Sweet isaacs, no. This code is about as raw as it gets. There are no tests and I don't even have any kind of fancy parse chain, just a big stack o' regular expressions. I got it to a point where it did all the things I needed and then released it into the wild.
While I can't think of a way that a SELECT could delete all your data, I'm not yet comfortable saying it's impossible, especially if you're on Windows, have strange locale settings, or sneeze really hard.
In a word: slowly. Each select makes a CouchDB temporary view with a map function that only emits if your condition is true. Delete/Update does the same, plus an additional bulk query with the results. Insert is pretty fast, though.

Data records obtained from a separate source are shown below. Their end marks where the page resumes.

lemma stopped_mFDR_le:
  fixes T :: "'a \<Rightarrow> nat" and e :: "nat \<Rightarrow> 'a \<Rightarrow> real"
  assumes "prob_space M"
    and T: "integrable M (\<lambda>\<omega>. real (T \<omega>))"
    and rej: "\<And>j. 1 \<le> j \<Longrightarrow> {\<omega>\<in>space M. rej j \<omega>} \<in> sets M"
    and e: "\<And>j. 1 \<le> j \<Longrightarrow> e j \<in> borel_measurable M"
      "\<And>j \<omega>. 1 \<le> j \<Longrightarrow> \<omega> \<in> space M \<Longrightarrow> 0 \<le> e j \<omega> \<and> e j \<omega> \<le> B"
    and null: "\<And>j. 1 \<le> j \<Longrightarrow> j \<in> H0 \<Longrightarrow>
      (\<integral>\<omega>. indicator {\<omega>\<in>space M. j \<le> T \<omega>} \<omega> * indicator {\<omega>\<in>space M. rej j \<omega>} \<omega> \<partial>M)
        \<le> (\<integral>\<omega>. indicator {\<omega>\<in>space M. j \<le> T \<omega>} \<omega> * e j \<omega> \<partial>M)"
    and budget: "\<And>t \<omega>. 1 \<le> t \<Longrightarrow> \<omega> \<in> space M \<Longrightarrow>
      (\<Sum>j\<in>{1..t}. e j \<omega>) \<le> \<alpha> * real (max (card {j\<in>{1..t}. rej j \<omega>}) 1)"
    and "0 \<le> \<alpha>"
  shows "(\<integral>\<omega>. real (card (H0 \<inter> {j\<in>{1..T \<omega>}. rej j \<omega>})) \<partial>M)
    / (\<integral>\<omega>. real (max (card {j\<in>{1..T \<omega>}. rej j \<omega>}) 1) \<partial>M) \<le> \<alpha>"
proof -
  interpret prob_space M by fact
  let ?R = "\<lambda>\<omega>. {j\<in>{1..T \<omega>}. rej j \<omega>}"
  let ?D = "\<lambda>\<omega>. real (max (card (?R \<omega>)) 1)"
  define V :: "nat \<Rightarrow> 'a \<Rightarrow> real" where
    "V N \<omega> = (\<Sum>j\<in>{1..N} \<inter> H0. indicator {\<omega>\<in>space M. j \<le> T \<omega>} \<omega> * indicator {\<omega>\<in>space M. rej j \<omega>} \<omega>)"
    for N \<omega>
  have A: "{\<omega>\<in>space M. j \<le> T \<omega>} \<in> sets M" for j
    using measurable_count_space_of_integrable[OF T] by measurable
  have D: "integrable M ?D"
    by (rule integrable_max_card_stopped[OF _ T rej]) unfold_locales
  have V_eq: "V N \<omega> = real (card (H0 \<inter> {j\<in>{1..min N (T \<omega>)}. rej j \<omega>}))" if "\<omega> \<in> space M" for N \<omega>
  proof -
    have "V N \<omega> = (\<Sum>j\<in>{1..N} \<inter> H0. of_bool (j \<le> T \<omega> \<and> rej j \<omega>))"
      unfolding V_def using that by (intro sum.cong) (auto simp: indicator_def)
    also have "\<dots> = real (card (({1..N} \<inter> H0) \<inter> {j. j \<le> T \<omega> \<and> rej j \<omega>}))"
      by simp
    also have "({1..N} \<inter> H0) \<inter> {j. j \<le> T \<omega> \<and> rej j \<omega>} = H0 \<inter> {j\<in>{1..min N (T \<omega>)}. rej j \<omega>}"
      by auto
    finally show ?thesis .
  qed
  have "(\<lambda>N. \<integral>\<omega>. V N \<omega> \<partial>M) \<longlonglongrightarrow> (\<integral>\<omega>. real (card (H0 \<inter> ?R \<omega>)) \<partial>M)"
  proof (rule integral_dominated_convergence[where w="\<lambda>\<omega>. real (T \<omega>)"])
    show "AE \<omega> in M. (\<lambda>N. V N \<omega>) \<longlonglongrightarrow> real (card (H0 \<inter> ?R \<omega>))"
    proof (rule AE_I2)
      fix \<omega> assume "\<omega> \<in> space M"
      then have "V N \<omega> = real (card (H0 \<inter> ?R \<omega>))" if "T \<omega> \<le> N" for N
        by (simp only: V_eq min_absorb2[OF that])
      then show "(\<lambda>N. V N \<omega>) \<longlonglongrightarrow> real (card (H0 \<inter> ?R \<omega>))"
        by (intro tendsto_eventually) (auto simp: eventually_sequentially)
    qed
    show "AE \<omega> in M. norm (V N \<omega>) \<le> real (T \<omega>)" for N
    proof (rule AE_I2)
      fix \<omega> assume "\<omega> \<in> space M"
      then show "norm (V N \<omega>) \<le> real (T \<omega>)"
        using V_eq card_filter_atLeastAtMost_le[where n="min N (T \<omega>)" and m="T \<omega>" and S=H0] by simp
    qed
    show "V N \<in> borel_measurable M" for N
      unfolding V_def using rej A by (intro borel_measurable_sum borel_measurable_times borel_measurable_indicator) auto
    show "integrable M (\<lambda>\<omega>. real (T \<omega>))"
      by (rule T)
  qed (rule borel_measurable_card_stopped[OF measurable_count_space_of_integrable[OF T] rej])
  moreover have "(\<integral>\<omega>. V N \<omega> \<partial>M) \<le> \<alpha> * (\<integral>\<omega>. ?D \<omega> \<partial>M)" for N
    unfolding V_def by (rule integral_truncated_null_rejections_le[OF assms(1) A rej e null budget \<open>0 \<le> \<alpha>\<close> D])
  ultimately have "(\<integral>\<omega>. real (card (H0 \<inter> ?R \<omega>)) \<partial>M) \<le> \<alpha> * (\<integral>\<omega>. ?D \<omega> \<partial>M)"
    by (intro LIMSEQ_le_const2) auto
  moreover have "1 \<le> (\<integral>\<omega>. ?D \<omega> \<partial>M)"
    using integral_mono[OF _ D, of "\<lambda>_. 1"] by (simp add: prob_space)
  ultimately show ?thesis
    by (simp only: pos_divide_le_eq[OF order.strict_trans2[OF zero_less_one]] mult.commute)
qed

Temporary views are basically performance catnip, so if you do one with a big database don't be surprised if couch starts drooling or tripping over its own feet. Above all, do not build strings and send them to UnQL ever. This is not a library for interacting with Couch from your code, just a way to run ad-hoc queries easily.
CouchDB sucks. I only use Cassandra, but you've probably never heard of it. How about supporting other NoSQL data stores?
Good point, NoSQL hipster! I would love for this module to support things that aren't CouchDB. In fact, near as I can understand, that was the original point of the UnQL spec. If you want to volunteer to write the backend for another NoSQL store, get in touch - my email's on my GitHub profile page.
I want to take your code, turn it into a web service, and sell it to Oracle for a billion dollars. Is that OK?
Sure. The code is MIT-licensed, so exploit your little heart out.